Continuously-variable transmission

Abstract

A continuously-variable transmission (CVT) assembly is employed for transmitting a torque from an external power-source. The CVT includes a variable-diameter input pulley and a variable-diameter output pulley, each having a respective range of adjustment. The CVT also includes a continuous torque-transmitting element extending between the variable-diameter input pulley and the variable-diameter output pulley, and thereby operatively connecting the input pulley to the output pulley. The CVT additionally includes a first elastic element having a first zero stiffness over the range of adjustment of the variable-diameter input pulley and configured to apply a first constant spring clamping force via the input pulley to the continuous torque-transmitting element. Furthermore, the CVT includes a second elastic element having a second zero stiffness over the range of adjustment of the variable-diameter input pulley and configured to apply a second constant spring clamping force via the output pulley to the continuous torque-transmitting element.

Claims

1. A continuously-variable transmission (CVT) assembly for transmitting a torque from an external power-source, comprising: a variable-diameter input pulley having a range of adjustment; a variable-diameter output pulley having a range of adjustment; a continuous torque-transmitting element extending between the variable-diameter input pulley and the variable-diameter output pulley and thereby operatively connecting the input pulley to the output pulley; a first elastic element having a first zero stiffness over the range of adjustment of the variable-diameter input pulley and configured to apply a first constant spring clamping force via the variable-diameter input pulley to the continuous torque-transmitting element; and a second elastic element having a second zero stiffness over the range of adjustment of the variable-diameter output pulley and configured to apply a second constant spring clamping force via the variable-diameter output pulley to the continuous torque-transmitting element.

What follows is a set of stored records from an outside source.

(* Let $k\in L^1([0,\infty);(0,\infty))\cap C([0,\infty);(0,\infty))$ with $\lambda(t):=\int_t^\infty k(s)\,ds=L(t)t^{-\alpha}$ for some $\alpha>1$ and some $L$ slowly varying at infinity, and let $a=-\int_0^\infty k(s)\,ds$. Then $\int_0^\infty sk(s)\,ds<\infty$ and the resolvent $r$ (unique continuous solution of $r'(t)=ar(t)+\int_0^tk(t-s)r(s)\,ds$, $r(0)=1$) satisfies $$\lim_{t\to\infty}r(t)=\Big(1+\int_0^\infty sk(s)\,ds\Big)^{-1}.$$
   Context: $L:[0,\infty)\to(0,\infty)$ is slowly varying at infinity if $L(xt)/L(t)\to1$ as $t\to\infty$ for every $x>0$. *)

theory Defs
  imports "HOL-Analysis.Analysis"
begin

definition slowly_varying :: "(real \<Rightarrow> real) \<Rightarrow> bool" where
  "slowly_varying L \<longleftrightarrow> (\<forall>t\<ge>0. L t > 0) \<and>
     (\<forall>x>0. ((\<lambda>t. L (x * t) / L t) \<longlongrightarrow> 1) at_top)"

end

theory Submission
  imports Defs
begin

text \<open>
  Proof idea.
  (1) Regular variation gives \<open>\<lambda>(2t) \<le> 2^(-\<gamma>) \<lambda>(t)\<close> for large \<open>t\<close>, with \<open>\<gamma> = (1 + \<alpha>)/2 > 1\<close>,
  hence the power bound \<open>\<lambda>(t) = O(t^(-\<gamma>))\<close>.  So \<open>\<lambda>\<close> is integrable, \<open>t \<lambda>(t) \<rightarrow> 0\<close>, and an
  integration by parts gives \<open>\<integral>\<^sub>0^\<infinity> s k(s) ds = \<integral>\<^sub>0^\<infinity> \<lambda> =: \<mu>\<close>.
  (2) Differentiating the convolution \<open>\<lambda> * r\<close> shows that \<open>r\<close> solves the renewal equation
  \<open>r(t) + \<integral>\<^sub>0^t \<lambda>(t - s) r(s) ds = 1\<close>; together with a first-zero argument this gives \<open>0 < r \<le> 1\<close>.
  (3) For \<open>\<sigma> = \<plusminus>1\<close> let \<open>M\<close> be the limit superior of \<open>\<sigma> r\<close>.  At late times where \<open>\<sigma> r\<close> is
  almost maximal and its slope is at least \<open>-2\<delta>\<close>, the slope formula
  \<open>r'(t) = -\<lambda>(t) r(t) + \<integral>\<^sub>0^t k(v) (r(t - v) - r(t)) dv\<close> and \<open>k \<ge> c > 0\<close> on \<open>[0, S]\<close> show
  that \<open>\<sigma> r(t)\<close> exceeds its \<open>\<lambda>\<close>-weighted past over \<open>[t - S, t]\<close> by \<open>O(\<delta>)\<close>.  Inserted
  into the renewal equation this yields \<open>M (1 + \<mu>) \<le> \<sigma>\<close>; the cases \<open>\<sigma> = 1\<close> and \<open>\<sigma> = -1\<close>
  together give \<open>r(t) \<rightarrow> 1 / (1 + \<mu>)\<close>.
\<close>

lemma integral_reflect_Icc:
  fixes f :: "real \<Rightarrow> real"
  shows "integral {0..t} (\<lambda>s. f (t - s)) = integral {0..t} f"
proof -
  have "integral {0..t} f = integral {0 + -t..t + -t} (\<lambda>x. f (-x))"
    using Henstock_Kurzweil_Integration.integral_reflect_real[of t 0 f] by simp
  also have "\<dots> = integral {0..t} ((\<lambda>x. f (-x)) \<circ> (+) (-t))"
    by (rule integral_shift_Icc_real[symmetric])
  finally show ?thesis by (simp add: o_def)
qed

lemma continuous_on_reflect_Icc:
  fixes f :: "real \<Rightarrow> real"
  assumes "continuous_on {0..} f"
  shows "continuous_on {0..t} (\<lambda>s. f (t - s))"
  by (intro continuous_on_compose2[OF assms] continuous_intros) auto

lemma nonneg_integrable_on_Ici:
  fixes f :: "real \<Rightarrow> real"
  assumes "f integrable_on {a..}" "\<And>x. x \<ge> a \<Longrightarrow> f x \<ge> 0" "a \<le> t"
  shows "f integrable_on {t..}"
proof -
  have "f absolutely_integrable_on {a..}"
    by (rule nonnegative_absolutely_integrable_1) (use assms in auto)
  hence "f absolutely_integrable_on {t..}"
    by (rule set_integrable_subset) (use assms in auto)
  thus ?thesis using absolutely_integrable_on_def by blast
qed

lemma integral_Ici_split:
  fixes f :: "real \<Rightarrow> real"
  assumes f: "f integrable_on {a..}" "\<And>x. x \<ge> a \<Longrightarrow> f x \<ge> 0" and t: "a \<le> t"
  shows "integral {a..} f = integral {a..t} f + integral {t..} f"
proof -
  have "{a..} = {a..t} \<union> {t..}" "{a..t} \<inter> {t..} = {t}" using t by auto
  moreover have "f integrable_on {a..t}" by (rule integrable_on_subinterval[OF f(1)]) auto
  ultimately show ?thesis
    using integral_Un[of f "{a..t}" "{t..}"] nonneg_integrable_on_Ici[OF f t] by auto
qed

2. The CVT assembly according to claim 1, wherein at least one of the first and second elastic elements is configured as at least one Belleville spring.

3. The CVT assembly according to claim 2, wherein the at least one Belleville spring includes multiple Belleville springs arranged in a stack.

4. The CVT assembly according to claim 3, wherein two of the multiple Belleville springs in the stack are adjacent and arranged in series.

5. The CVT assembly according to claim 4, further comprising a spacer arranged between the two adjacent Belleville springs.

6. The CVT assembly according to claim 5, wherein each of the adjacent Belleville springs is defined by an outer diameter and an inner diameter, and wherein the spacer is configured to guide the two adjacent Belleville springs relative to each other at one of the respective outer diameters and respective inner diameters.

7. The CVT assembly according to claim 6, wherein the spacer includes a retaining feature configured to engage the two adjacent Belleville springs at the respective outer or inner diameters.

8. The CVT assembly according to claim 1, further comprising an input elastic element housing and an output elastic element housing, wherein the first elastic element is arranged inside the input elastic element housing and the second elastic element is arranged inside the output elastic element housing.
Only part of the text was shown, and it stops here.